A person standing at a podium with a microphone in front of a group of people.

Columbia’s new BullStreet District is slated to be the hottest new district for entertainment, business and living. But the district also marks a significant opportunity for life sciences growth in the state. The University of South Carolina is anchoring the transformational healthcare portion of the development with plans for their new 320,000-square-foot health sciences facility, which will sit on one corner of the BullStreet district. 

The $300 million development will allow the university to combine a large portion of its health sciences education and research activities under one roof. “Our new health sciences campus will provide our students with a state-of-the-art learning facility that will ensure our graduates are best prepared to meet the healthcare needs of South Carolinians, while also leading the evolution in the healthcare industry” according to Dr. Julius Fridriksson, USC’s Vice President for Research. The health sciences campus initially will serve students and faculty from the School of Medicine, Arnold School of Public Health, and College of Pharmacy.

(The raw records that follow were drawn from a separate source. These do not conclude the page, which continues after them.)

lemma lsq_fit_residual_le:
  assumes sigma: "sigma_min p K > 0"
    and u: "\<And>m. m \<le> K \<Longrightarrow> u m = lsq_row p m \<bullet> z + r m"
  shows "L2_set (\<lambda>m. lsq_row p m \<bullet> (lsq_fit p K u - z)) {..K} \<le> L2_set r {..K}"
proof -
  let ?M = "lsq_gram p K" and ?w = "lsq_fit p K u - z"
  let ?N = "L2_set (\<lambda>m. lsq_row p m \<bullet> ?w) {..K}"
  note inv = matrix_inv_mult[OF invertible_lsq_gram[OF sigma]]
  have "lsq_moments p K u = lsq_moments p K (\<lambda>m. lsq_row p m \<bullet> z + r m)"
    unfolding lsq_moments_def using u by (auto simp: vec_eq_iff intro!: sum.cong)
  then have "lsq_moments p K u = ?M *v z + lsq_moments p K r"
    by (simp add: lsq_moments_add lsq_gram_mult_vec)
  then have "?M *v ?w = lsq_moments p K r"
    by (simp add: lsq_fit_eq matrix_vector_mult_diff_distrib matrix_vector_mul_assoc inv)
  then have "?N\<^sup>2 = (\<Sum>m\<le>K. (lsq_row p m \<bullet> ?w) * r m)"
    by (metis inner_lsq_gram_mult_vec inner_lsq_moments)
  also have "\<dots> \<le> (\<Sum>m\<le>K. \<bar>lsq_row p m \<bullet> ?w\<bar> * \<bar>r m\<bar>)"
    by (intro sum_mono) (metis abs_ge_self abs_mult)
  also have "\<dots> \<le> ?N * L2_set r {..K}"
    by (rule L2_set_mult_ineq)
  finally have "?N * ?N \<le> ?N * L2_set r {..K}"
    by (simp add: power2_eq_square)
  then show ?thesis
    using L2_set_nonneg[of r "{..K}"] L2_set_nonneg[of "\<lambda>m. lsq_row p m \<bullet> ?w" "{..K}"]
    by (cases "?N = 0") (simp_all add: less_le)
qed

lemma lsq_fit_error_le:
  assumes sigma: "sigma_min p K > 0"
    and u: "\<And>m. m \<le> K \<Longrightarrow>
      u m = a + b * (fst (p m) - fst (p 0)) + c * (snd (p m) - snd (p 0)) + r m"
  shows "\<bar>lsq_fit p K u $ 1 - a\<bar> \<le> L2_set r {..K}"
    and "sigma_min p K * \<bar>lsq_fit p K u $ 2 - b\<bar> \<le> L2_set r {..K}"
    and "sigma_min p K * \<bar>lsq_fit p K u $ 3 - c\<bar> \<le> L2_set r {..K}"
proof -
  define w where "w = lsq_fit p K u - vector [a, b, c]"
  have w: "lsq_fit p K u $ 1 - a = w $ 1" "lsq_fit p K u $ 2 - b = w $ 2"
    "lsq_fit p K u $ 3 - c = w $ 3"
    by (simp_all add: w_def)
  have res: "L2_set (\<lambda>m. lsq_row p m \<bullet> w) {..K} \<le> L2_set r {..K}"
    unfolding w_def using u by (intro lsq_fit_residual_le sigma) (simp add: lsq_row_inner_vector)
  have "\<bar>w $ 1\<bar> \<le> L2_set (\<lambda>m. lsq_row p m \<bullet> w) {..K}"
    using member_le_L2_set[of "{..K}" 0 "\<lambda>m. \<bar>lsq_row p m \<bullet> w\<bar>"]
    by (simp add: lsq_row_0_inner L2_set_def)
  with res show "\<bar>lsq_fit p K u $ 1 - a\<bar> \<le> L2_set r {..K}"
    unfolding w by linarith
  have "sigma_min p K * \<bar>w $ k\<bar> \<le> L2_set r {..K}" for k
  proof -
    have "sigma_min p K * \<bar>w $ k\<bar> \<le> sigma_min p K * norm w"
      using sigma component_le_norm_cart[of w k] by (simp add: mult_left_mono)
    also have "\<dots> \<le> L2_set r {..K}"
      using sigma_min_mult_norm_le[of p K w] res by linarith
    finally show ?thesis .
  qed
  then show "sigma_min p K * \<bar>lsq_fit p K u $ 2 - b\<bar> \<le> L2_set r {..K}"
    and "sigma_min p K * \<bar>lsq_fit p K u $ 3 - c\<bar> \<le> L2_set r {..K}"
    unfolding w by blast+
qed

lemma Ck_Suc_differentiable_along:
  assumes "Ck (Suc k) g" and "\<gamma> differentiable at s"
  shows "(\<lambda>s. case \<gamma> s of (t, x, y) \<Rightarrow> g t x y) differentiable at s"
proof -
  have "(\<lambda>(t, x, y). g t x y) differentiable at (\<gamma> s)"
    using assms(1) by (cases "\<gamma> s") auto
  from differentiable_chain_at[OF assms(2) this] show ?thesis
    by (simp add: o_def)
qed

lemma Ck_Suc_has_pt:
  assumes "Ck (Suc k) g"
  shows "((\<lambda>s. g s x y) has_real_derivative pt g t x y) (at t)"
  using Ck_Suc_differentiable_along[OF assms, of "\<lambda>s. (s, x, y)" t]
  unfolding pt_def by (simp add: DERIV_deriv_iff_real_differentiable)

lemma Ck_Suc_has_px:
  assumes "Ck (Suc k) g"
  shows "((\<lambda>s. g t s y) has_real_derivative px g t x y) (at x)"
  using Ck_Suc_differentiable_along[OF assms, of "\<lambda>s. (t, s, y)" x]
  unfolding px_def by (simp add: DERIV_deriv_iff_real_differentiable)

lemma Ck_Suc_has_py:
  assumes "Ck (Suc k) g"
  shows "((\<lambda>s. g t x s) has_real_derivative py g t x y) (at y)"
  using Ck_Suc_differentiable_along[OF assms, of "\<lambda>s. (t, x, s)" y]
  unfolding py_def by (simp add: DERIV_deriv_iff_real_differentiable)

lemma Ck_0_bounded_on_compact:
  assumes "Ck 0 g" and "compact S"
  shows "\<exists>B\<ge>0. \<forall>t x y. (t, x, y) \<in> S \<longrightarrow> \<bar>g t x y\<bar> \<le> B"
proof -
  have "compact ((\<lambda>(t, x, y). g t x y) ` S)"
    using assms by (intro compact_continuous_image) (auto intro: continuous_on_subset)
  then obtain B where "\<forall>z\<in>(\<lambda>(t, x, y). g t x y) ` S. \<bar>z\<bar> \<le> B"
    by (auto dest!: compact_imp_bounded simp: bounded_iff)
  then show ?thesis
    by (intro exI[of _ "\<bar>B\<bar>"]) force
qed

The facility will also help USC grow its efforts to attract world-class healthcare and research faculty and keep our state’s best students in the Palmetto State. “We expect recruiting competitiveness to increase for students and researchers alike. Our students will learn from the best of the best,” says Fridriksson. With more than 18,000 students enrolled in health science programs, USC continues to expand its role as the state’s Flagship for higher education.

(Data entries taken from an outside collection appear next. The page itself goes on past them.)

definition bib :: "'s set \<Rightarrow> ('s,'a) trans set \<Rightarrow> 'a \<Rightarrow> ('s multiset \<times> 's multiset) set \<Rightarrow> bool" where
  "bib S T tau R' \<longleftrightarrow> R' \<subseteq> markings S \<times> markings S \<and>
   (\<forall>(m1, m2) \<in> R'.
     (\<forall>t1 \<in> T. \<forall>m1'. fires m1 t1 m1' \<longrightarrow>
        (lab t1 = tau \<and> (\<exists>\<sigma>2 m2'. silent_seq T tau \<sigma>2 \<and> fires_seq m2 \<sigma>2 m2' \<and>
             (m1, m2') \<in> R' \<and> (m1', m2') \<in> R'))
      \<or> (\<exists>\<sigma> t2 m m2'. silent_seq T tau \<sigma> \<and> t2 \<in> T \<and> lab t1 = lab t2 \<and>
             fires_seq m2 \<sigma> m \<and> fires m t2 m2' \<and> (m1, m) \<in> R' \<and> (m1', m2') \<in> R')) \<and>
     (\<forall>t2 \<in> T. \<forall>m2'. fires m2 t2 m2' \<longrightarrow>
        (lab t2 = tau \<and> (\<exists>\<sigma>1 m1'. silent_seq T tau \<sigma>1 \<and> fires_seq m1 \<sigma>1 m1' \<and>
             (m1', m2) \<in> R' \<and> (m1', m2') \<in> R'))
      \<or> (\<exists>\<sigma> t1 m m1'. silent_seq T tau \<sigma> \<and> t1 \<in> T \<and> lab t1 = lab t2 \<and>
             fires_seq m1 \<sigma> m \<and> fires m t1 m1' \<and> (m, m2) \<in> R' \<and> (m1', m2') \<in> R')))"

Top programmatic priorities for the development are advanced wet labs as well as data science labs to harness the power of machine learning and AI. “Data is the new oil,” Fridriksson nods. Fridriksson and USC’s leadership team also expect that these labs will increase opportunities for corporate collaborations in the BullStreet district. Additionally, with the new facility in close proximity to Prisma Health, “We can expand our research to Phase 1, 2, and 3 clinical trials in the future,” Fridriksson envisions. 

Along with increased partnerships and collaborations, Dr. Fridriksson sees the new health sciences campus as a tremendous value add for the entire state of South Carolina. “We want the university to be a force for good,” Fridriksson remarks.

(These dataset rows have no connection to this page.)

text \<open>Strengthen the claim to a set S of terminals of degree at most 2 in a subcubic tree:
  there are \<lfloor>|S|/2\<rfloor> disjoint paths joining pairs of terminals. Remove a leaf l with
  neighbour u. If l is not a terminal, recurse. If only l is a terminal, move the terminal
  to u (now of degree at most 2) and prolong the path ending at u by l. If both are
  terminals, u had degree at most 2, so deleting u as well keeps the tree connected; take
  the path l u and recurse on the remaining terminals.\<close>

lemma is_path_iff_successively:
  "is_path V E ps \<longleftrightarrow> ps \<noteq> [] \<and> distinct ps \<and> set ps \<subseteq> V \<and> successively E ps"
  unfolding is_path_def successively_conv_nth by auto

lemma is_path_mono: "is_path V E ps \<Longrightarrow> V \<subseteq> W \<Longrightarrow> is_path W E ps"
  unfolding is_path_def by auto

lemma is_path_Cons:
  "is_path V E ps \<Longrightarrow> l \<notin> set ps \<Longrightarrow> l \<in> V \<Longrightarrow> E l (hd ps) \<Longrightarrow> is_path V E (l # ps)"
  unfolding is_path_iff_successively by (cases ps) auto

lemma is_path_snoc:
  "is_path V E ps \<Longrightarrow> l \<notin> set ps \<Longrightarrow> l \<in> V \<Longrightarrow> E (last ps) l \<Longrightarrow> is_path V E (ps @ [l])"
  unfolding is_path_iff_successively by (auto simp: successively_append_iff)

lemma is_path_take: "is_path V E ps \<Longrightarrow> 0 < n \<Longrightarrow> is_path V E (take n ps)"
  unfolding is_path_iff_successively
  by (metis append_take_drop_id distinct_take successively_append_iff take_eq_Nil2
      not_gr_zero set_take_subset subset_trans)

lemma length_path_le_card: "is_path V E ps \<Longrightarrow> finite V \<Longrightarrow> length ps \<le> card V"
  unfolding is_path_def by (metis card_mono distinct_card)

lemma acyclic_subset:
  "\<not> (\<exists>cs. is_cycle V E cs) \<Longrightarrow> W \<subseteq> V \<Longrightarrow> \<not> (\<exists>cs. is_cycle W E cs)"
  unfolding is_cycle_def using is_path_mono by blast

lemma degree_mono: "finite V \<Longrightarrow> W \<subseteq> V \<Longrightarrow> degree W E u \<le> degree V E u"
  unfolding degree_def by (rule card_mono) auto

lemma degree_Diff_neighbour:
  assumes "finite V" "l \<in> V" "E u l"
  shows "degree (V - {l}) E u = degree V E u - 1"
proof -
  have "{w \<in> V - {l}. E u w} = {w \<in> V. E u w} - {l}" by auto
  then show ?thesis unfolding degree_def using assms by (simp add: card_Diff_singleton)
qed

lemma subcubic_subset: "finite V \<Longrightarrow> subcubic V E \<Longrightarrow> W \<subseteq> V \<Longrightarrow> subcubic W E"
  unfolding subcubic_def by (meson degree_mono le_trans subsetD)

lemma is_path_interior_degree:
  assumes sym: "\<And>a b. E a b \<Longrightarrow> E b a" and fin: "finite V"
    and ps: "is_path V E ps" and i: "0 < i" "Suc i < length ps"
  shows "2 \<le> degree V E (ps ! i)"
proof -
  let ?N = "{w \<in> V. E (ps ! i) w}"
  have edge: "E (ps ! k) (ps ! Suc k)" if "Suc k < length ps" for k
    using ps that unfolding is_path_def by simp
  have vertex: "ps ! k \<in> V" if "k < length ps" for k
    using ps that unfolding is_path_def by (metis nth_mem subsetD)
  have "ps ! Suc i \<in> ?N" using edge[OF i(2)] vertex[OF i(2)] by simp
  moreover have "ps ! (i - 1) \<in> ?N"
    using edge[of "i - 1"] vertex[of "i - 1"] sym i by simp
  moreover have "ps ! (i - 1) \<noteq> ps ! Suc i"
    using ps i unfolding is_path_def by (simp add: nth_eq_iff_index_eq)
  ultimately have "card {ps ! (i - 1), ps ! Suc i} \<le> card ?N"
    using fin by (intro card_mono) auto
  then show ?thesis unfolding degree_def using \<open>ps ! (i - 1) \<noteq> ps ! Suc i\<close> by simp
qed

lemma connected_graph_Diff_vertex:
  assumes sym: "\<And>a b. E a b \<Longrightarrow> E b a" and fin: "finite V"
    and conn: "connected_graph V E" and deg: "degree V E l \<le> 1"
  shows "connected_graph (V - {l}) E"
  unfolding connected_graph_def
proof (intro ballI)
  fix a b assume a: "a \<in> V - {l}" and b: "b \<in> V - {l}"
  then obtain ps where ps: "is_path V E ps" "hd ps = a" "last ps = b"
    using conn unfolding connected_graph_def by blast
  have "l \<notin> set ps"
  proof
    assume "l \<in> set ps"
    then obtain i where i: "i < length ps" "ps ! i = l" by (metis in_set_conv_nth)
    have "ps \<noteq> []" using ps unfolding is_path_def by simp
    then have "hd ps = ps ! 0" "last ps = ps ! (length ps - 1)"
      by (simp_all add: hd_conv_nth last_conv_nth)
    then have "ps ! 0 \<noteq> l" "ps ! (length ps - 1) \<noteq> l" using ps(2,3) a b by auto
    then have "i \<noteq> 0" "i \<noteq> length ps - 1" using i(2) by metis+
    then have "2 \<le> degree V E l"
      using is_path_interior_degree[OF sym fin ps(1), of i] i by simp
    then show False using deg by simp
  qed
  then have "is_path (V - {l}) E ps" using ps(1) unfolding is_path_def by auto
  then show "\<exists>ps. is_path (V - {l}) E ps \<and> hd ps = a \<and> last ps = b" using ps by blast
qed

And force for good, they will be. The new USC health sciences campus not only will prepare a talented health sciences workforce for years to come, but will also make strides in research and rural health care throughout the Palmetto State.

The new development is already seeing an influx of federal funding, which will help USC acquire state-of-the-art equipment to further their capabilities and reach. “A $15 million federal grant allowed us to purchase two new MRI scanners – the first of their kind in South Carolina: A 7 Tesla MRI scanner, which gives an incredibly detailed view of the human brain and a 3 Tesla MRI wide-board scanner, which helps scan patients of all sizes and those who are claustrophobic,” Fridriksson shares. 

In addition to the new health sciences facility, USC is renovating an existing building to create a new Brain Health Center, which will house the new MRI scanners, and serve as the hub of the university’s statewide clinical and research efforts in brain health. The USC Brain Health Center, which will sit adjacent to the BullStreet site, is expected to be completed in 2025. The Brain Health Center will focus on clinical care and research support for the treatment of Alzheimer’s disease, vascular dementia, and other brain-related conditions. The hub also serves as the clinical hub for a series rural brain health clinics the University will open in rural communities in the months ahead.

Development of the health sciences campus is being led by Gilbane, a world-class design and construction team with a portfolio of health science and medical school developments, including the medical schools of UNC, Duke, Emory, and Baylor. “It was a highly competitive process,” Fridriksson remarks. “We are excited to have their experience and that of our entire development team to help us create the very best facilities for our students and faculty.” 

At the core, that is what USC’s new health sciences facility and the BullStreet District is all about: Making life better for its residents and encouraging high-caliber researchers, students and educators to also make South Carolina their home. 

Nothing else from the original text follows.